Chandra, Transportation Services, said the exhibit presented is a concept the city will submit to Union Pacific for a crossing near SH‑377 and that the land for the alignment was dedicated by the Sagebrush development in 2020–21. She told the committee the plan is not a final design and that it is confined to the dedicated right‑of‑way.
When asked why the city proposes to close two crossings, Chandra explained that UPRR requires closure of two crossings to add a new crossing: “UPRR has a rule of you have to close 2 crossings to get a new crossing,” she said, and added that the existing crossings are skewed, low‑volume and “already unsafe.” Staff said the new crossing would be an at‑grade crossing with quad gates, traffic signal preemption and quiet‑zone treatments similar to other city crossings.

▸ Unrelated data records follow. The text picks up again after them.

lemma exists_raising_translate:
  assumes "F N ` level a \<inter> level a = {}" and "F (2 * N) ` level a \<inter> level a = {}"
  shows "\<exists>k\<in>{N, -N, 2 * N, -(2 * N)}. topspace S \<times> {..a} \<subseteq> F k ` lower_half a"
proof -
  obtain c d where band: "F N ` level a \<subseteq> topspace S \<times> {c..d}"
    using image_level_in_band[OF homeomorphic_map_F] .
  from image_level_ends[OF homeomorphic_map_F band] show ?thesis
  proof
    assume "lower_half c \<subseteq> F N ` lower_half a \<and> upper_half d \<subseteq> F N ` upper_half a"
    from bottom_keeping_imp_raising[OF homeomorphic_maps_F assms(1) conjunct1[OF this]]
    show ?thesis by (meson insertCI)
  next
    assume ends: "lower_half c \<subseteq> F N ` upper_half a \<and> upper_half d \<subseteq> F N ` lower_half a"
    obtain c' where "lower_half c' \<subseteq> F N ` F N ` lower_half a"
      using swapping_square_keeps_bottom[OF homeomorphic_map_F conjunct2[OF ends]] .
    moreover have "F N ` F N ` lower_half a = F (2 * N) ` lower_half a"
      unfolding image_F_add[OF band_subset_topspace] by (simp only: mult_2)
    ultimately have "lower_half c' \<subseteq> F (2 * N) ` lower_half a" by simp
    from bottom_keeping_imp_raising[OF homeomorphic_maps_F assms(2) this]
    show ?thesis by (meson insertCI)
  qed
qed

end

locale raising_cylinder_action = cylinder_Z_action +
  fixes a :: real
  assumes raising: "topspace S \<times> {..a} \<subseteq> F 1 ` lower_half a"
    and proper: "compactin C K \<Longrightarrow> finite {k. F k ` level a \<inter> K \<noteq> {}}"
begin

abbreviation shifted_lower :: "int \<Rightarrow> ('a \<times> real) set" where
  "shifted_lower k \<equiv> F k ` (topspace S \<times> {..a})"

lemma shifted_lower_step: "shifted_lower k \<subseteq> F (k + 1) ` lower_half a"
proof -
  have "shifted_lower k \<subseteq> F k ` F 1 ` lower_half a" using raising by (rule image_mono)
  also have "\<dots> = F (k + 1) ` lower_half a" by (rule image_F_add[OF band_subset_topspace])
  finally show ?thesis .
qed

lemma shifted_lower_mono: "j \<le> k \<Longrightarrow> shifted_lower j \<subseteq> shifted_lower k"
proof (induction k rule: int_ge_induct)
  case (step k)
  have "F (k + 1) ` lower_half a \<subseteq> shifted_lower (k + 1)" by (rule image_mono) auto
  then show ?case using step.IH shifted_lower_step by blast
qed simp

lemma lower_half_in_shifted_lower:
  assumes "m \<ge> 1" shows "topspace S \<times> {..a} \<subseteq> F m ` lower_half a"
proof -
  have "topspace S \<times> {..a} = shifted_lower 0" by (rule image_F_zero[OF band_subset_topspace, symmetric])
  also have "\<dots> \<subseteq> shifted_lower (m - 1)" by (rule shifted_lower_mono) (use assms in simp)
  also have "\<dots> \<subseteq> F (m - 1 + 1) ` lower_half a" by (rule shifted_lower_step)
  finally show ?thesis by simp
qed

lemma translates_avoid:
  assumes "compactin C K"
  obtains m where "m \<ge> 1" and "F m ` level a \<inter> K = {}" and "F (-m) ` level a \<inter> K = {}"
proof -
  obtain B where "\<And>k. B < \<bar>k\<bar> \<Longrightarrow> F k ` level a \<inter> K = {}"
    using finite_int_set_bounded[OF proper[OF assms]] by blast
  then show thesis using that[of "\<bar>B\<bar> + 1"] by simp
qed

lemma covered_by_shifted_lower:
  assumes p: "p \<in> topspace C"
  obtains k where "p \<in> shifted_lower k"
proof -
  define R where "R = max a (snd p)"
  obtain m where "m \<ge> 1" and avoid: "F m ` level a \<inter> topspace S \<times> {a..R} = {}"
    using translates_avoid[OF compactin_band] by metis
  obtain x where x: "x \<in> topspace S" using nonempty_S by blast
  have lower: "topspace S \<times> {..a} \<subseteq> F m ` lower_half a"
    using lower_half_in_shifted_lower[OF \<open>m \<ge> 1\<close>] .
  have "F m ` level a \<inter> F m ` lower_half a = {}"
    by (rule homeomorphic_map_image_disjoint[OF homeomorphic_map_F]) auto
  have "topspace S \<times> {..R} \<subseteq> topspace S \<times> {..a} \<union> topspace S \<times> {a..R}" by auto
  also have "\<dots> \<subseteq> F m ` lower_half a \<union> topspace S \<times> {a..R}"
    using lower by (rule Un_mono[OF _ order_refl])
  finally have "F m ` level a \<inter> topspace S \<times> {..R}
      \<subseteq> F m ` level a \<inter> (F m ` lower_half a \<union> topspace S \<times> {a..R})"
    by (rule Int_mono[OF order_refl])
  also have "\<dots> = {}"
    by (simp only: Int_Un_distrib \<open>F m ` level a \<inter> F m ` lower_half a = {}\<close> avoid Un_empty)
  finally have "topspace S \<times> {..R} \<inter> F m ` level a = {}" by (metis inf_commute subset_empty)
  moreover have "(x, a - 1) \<in> topspace S \<times> {..R}" and "(x, a - 1) \<in> F m ` lower_half a"
    using x lower by (auto simp: R_def)
  ultimately have "topspace S \<times> {..R} \<subseteq> F m ` lower_half a"
    by (rule connectedin_image_lower_half[OF homeomorphic_map_F connectedin_band[OF connected_Iic]])
  also have "\<dots> \<subseteq> shifted_lower m" by (rule image_mono) auto
  moreover have "p \<in> topspace S \<times> {..R}" using p by (cases p) (auto simp: R_def)
  ultimately show thesis using that by blast
qed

Committee members asked whether the alignment would sacrifice green space; staff said it would not. Staff also noted that the planned crossing and intersection will include signalization and railroad preemption and that future traffic analyses (TIAs) would model expected traffic flows as projects progress.
Why it matters: the crossing and associated road realignment affect future connectivity in the area and are subject to railroad approval and safety requirements; the UPRR requirement to close crossings to permit a new crossing is a determinative constraint on alignment choices.